**WORK REQUEST**
The answer is the line that contains "(g_fun A k 2)" followed by every later line of the entries below, each repeated exactly, and nothing else.

**DATA TO PROCESS**
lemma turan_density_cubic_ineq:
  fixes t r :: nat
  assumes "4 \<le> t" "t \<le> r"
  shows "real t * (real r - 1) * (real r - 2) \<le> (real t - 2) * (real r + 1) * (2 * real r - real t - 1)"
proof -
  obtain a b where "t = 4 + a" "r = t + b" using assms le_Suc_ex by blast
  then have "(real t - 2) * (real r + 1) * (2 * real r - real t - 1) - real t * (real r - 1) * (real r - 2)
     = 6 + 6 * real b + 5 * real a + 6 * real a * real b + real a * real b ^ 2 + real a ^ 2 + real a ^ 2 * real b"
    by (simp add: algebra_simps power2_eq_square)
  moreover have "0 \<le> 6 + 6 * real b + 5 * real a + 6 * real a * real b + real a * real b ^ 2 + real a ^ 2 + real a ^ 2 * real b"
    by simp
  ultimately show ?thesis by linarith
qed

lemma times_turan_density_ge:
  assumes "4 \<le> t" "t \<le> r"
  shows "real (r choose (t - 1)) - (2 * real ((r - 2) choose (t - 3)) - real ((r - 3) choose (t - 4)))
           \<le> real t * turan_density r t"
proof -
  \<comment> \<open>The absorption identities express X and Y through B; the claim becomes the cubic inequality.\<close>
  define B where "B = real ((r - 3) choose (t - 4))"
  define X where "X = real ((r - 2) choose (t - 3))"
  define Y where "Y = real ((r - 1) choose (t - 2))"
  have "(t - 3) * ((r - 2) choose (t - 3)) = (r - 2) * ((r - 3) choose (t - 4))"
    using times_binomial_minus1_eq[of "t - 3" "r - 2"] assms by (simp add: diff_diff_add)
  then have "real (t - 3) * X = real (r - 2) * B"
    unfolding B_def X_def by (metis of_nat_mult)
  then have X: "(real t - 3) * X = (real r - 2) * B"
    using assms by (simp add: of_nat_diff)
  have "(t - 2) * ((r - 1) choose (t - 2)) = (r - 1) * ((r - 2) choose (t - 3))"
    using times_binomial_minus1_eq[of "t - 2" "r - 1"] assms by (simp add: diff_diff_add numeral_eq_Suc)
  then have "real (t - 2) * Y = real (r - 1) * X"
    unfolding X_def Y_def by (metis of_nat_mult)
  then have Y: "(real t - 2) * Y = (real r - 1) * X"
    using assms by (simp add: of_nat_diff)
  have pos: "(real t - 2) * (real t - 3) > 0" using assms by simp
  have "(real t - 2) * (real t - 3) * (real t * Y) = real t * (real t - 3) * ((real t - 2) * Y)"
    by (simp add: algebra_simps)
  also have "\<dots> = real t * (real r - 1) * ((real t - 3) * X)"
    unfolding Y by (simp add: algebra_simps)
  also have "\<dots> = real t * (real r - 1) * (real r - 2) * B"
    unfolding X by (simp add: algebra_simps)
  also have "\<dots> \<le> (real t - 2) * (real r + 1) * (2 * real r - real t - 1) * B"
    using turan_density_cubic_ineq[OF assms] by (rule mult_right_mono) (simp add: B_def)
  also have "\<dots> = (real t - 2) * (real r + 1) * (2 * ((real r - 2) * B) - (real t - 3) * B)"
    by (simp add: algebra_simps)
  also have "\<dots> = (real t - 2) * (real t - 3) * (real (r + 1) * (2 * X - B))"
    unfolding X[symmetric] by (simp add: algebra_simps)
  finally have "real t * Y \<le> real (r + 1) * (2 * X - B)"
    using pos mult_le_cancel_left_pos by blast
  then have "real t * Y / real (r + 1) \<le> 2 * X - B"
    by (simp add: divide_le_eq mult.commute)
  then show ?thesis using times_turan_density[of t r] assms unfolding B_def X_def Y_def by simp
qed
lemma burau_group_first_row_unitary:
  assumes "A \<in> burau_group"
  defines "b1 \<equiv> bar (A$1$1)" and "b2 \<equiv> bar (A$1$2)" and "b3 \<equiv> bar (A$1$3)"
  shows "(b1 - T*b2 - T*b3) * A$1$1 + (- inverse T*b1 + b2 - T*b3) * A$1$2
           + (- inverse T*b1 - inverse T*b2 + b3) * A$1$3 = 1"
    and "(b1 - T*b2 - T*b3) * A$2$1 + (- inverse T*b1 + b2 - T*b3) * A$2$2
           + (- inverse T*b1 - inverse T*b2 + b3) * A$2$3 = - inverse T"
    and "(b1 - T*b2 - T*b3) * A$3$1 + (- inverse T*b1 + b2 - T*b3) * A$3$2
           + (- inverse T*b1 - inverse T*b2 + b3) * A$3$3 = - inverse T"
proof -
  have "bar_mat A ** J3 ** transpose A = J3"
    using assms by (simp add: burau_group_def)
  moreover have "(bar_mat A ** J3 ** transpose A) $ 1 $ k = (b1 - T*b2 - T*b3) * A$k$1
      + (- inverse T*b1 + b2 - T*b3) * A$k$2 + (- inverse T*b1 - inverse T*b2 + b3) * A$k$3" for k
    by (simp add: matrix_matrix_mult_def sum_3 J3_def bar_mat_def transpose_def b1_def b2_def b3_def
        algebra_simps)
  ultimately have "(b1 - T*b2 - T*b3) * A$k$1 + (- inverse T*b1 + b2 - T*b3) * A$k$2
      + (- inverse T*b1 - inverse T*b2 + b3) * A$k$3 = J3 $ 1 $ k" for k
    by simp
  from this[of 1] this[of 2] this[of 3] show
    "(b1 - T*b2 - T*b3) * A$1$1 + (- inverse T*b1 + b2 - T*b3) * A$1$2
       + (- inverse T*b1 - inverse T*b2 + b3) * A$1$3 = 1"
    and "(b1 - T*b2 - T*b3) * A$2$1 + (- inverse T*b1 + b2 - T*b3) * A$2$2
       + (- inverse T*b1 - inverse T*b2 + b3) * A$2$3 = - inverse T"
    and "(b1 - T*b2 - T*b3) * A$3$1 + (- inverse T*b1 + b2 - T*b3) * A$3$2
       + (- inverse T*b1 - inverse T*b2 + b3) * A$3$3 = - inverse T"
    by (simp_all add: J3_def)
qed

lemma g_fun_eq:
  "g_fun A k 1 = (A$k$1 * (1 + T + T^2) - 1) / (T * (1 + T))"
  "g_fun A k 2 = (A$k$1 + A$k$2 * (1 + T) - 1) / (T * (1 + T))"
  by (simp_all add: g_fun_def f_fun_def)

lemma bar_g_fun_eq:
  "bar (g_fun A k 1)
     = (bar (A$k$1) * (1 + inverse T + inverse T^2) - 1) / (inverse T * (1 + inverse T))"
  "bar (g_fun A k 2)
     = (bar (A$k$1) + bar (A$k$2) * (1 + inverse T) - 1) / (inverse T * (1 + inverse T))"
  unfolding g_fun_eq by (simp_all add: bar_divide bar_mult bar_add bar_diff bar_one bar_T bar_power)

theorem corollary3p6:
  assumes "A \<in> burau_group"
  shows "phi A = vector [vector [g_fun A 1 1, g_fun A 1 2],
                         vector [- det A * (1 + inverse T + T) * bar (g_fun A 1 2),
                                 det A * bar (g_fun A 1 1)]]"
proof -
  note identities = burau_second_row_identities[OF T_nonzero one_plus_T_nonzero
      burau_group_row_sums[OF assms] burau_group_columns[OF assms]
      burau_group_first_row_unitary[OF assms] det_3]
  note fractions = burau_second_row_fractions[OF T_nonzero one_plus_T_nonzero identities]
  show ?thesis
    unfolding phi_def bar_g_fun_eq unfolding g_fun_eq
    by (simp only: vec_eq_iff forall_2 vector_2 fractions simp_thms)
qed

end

**RESPONSE TO THIS TASK**
  "bar (g_fun A k 2)
     = (bar (A$k$1) + bar (A$k$2) * (1 + inverse T) - 1) / (inverse T * (1 + inverse T))"
  unfolding g_fun_eq by (simp_all add: bar_divide bar_mult bar_add bar_diff bar_one bar_T bar_power)

theorem corollary3p6:
  assumes "A \<in> burau_group"
  shows "phi A = vector [vector [g_fun A 1 1, g_fun A 1 2],
                         vector [- det A * (1 + inverse T + T) * bar (g_fun A 1 2),
                                 det A * bar (g_fun A 1 1)]]"
proof -
  note identities = burau_second_row_identities[OF T_nonzero one_plus_T_nonzero
      burau_group_row_sums[OF assms] burau_group_columns[OF assms]
      burau_group_first_row_unitary[OF assms] det_3]
  note fractions = burau_second_row_fractions[OF T_nonzero one_plus_T_nonzero identities]
  show ?thesis
    unfolding phi_def bar_g_fun_eq unfolding g_fun_eq
    by (simp only: vec_eq_iff forall_2 vector_2 fractions simp_thms)
qed

end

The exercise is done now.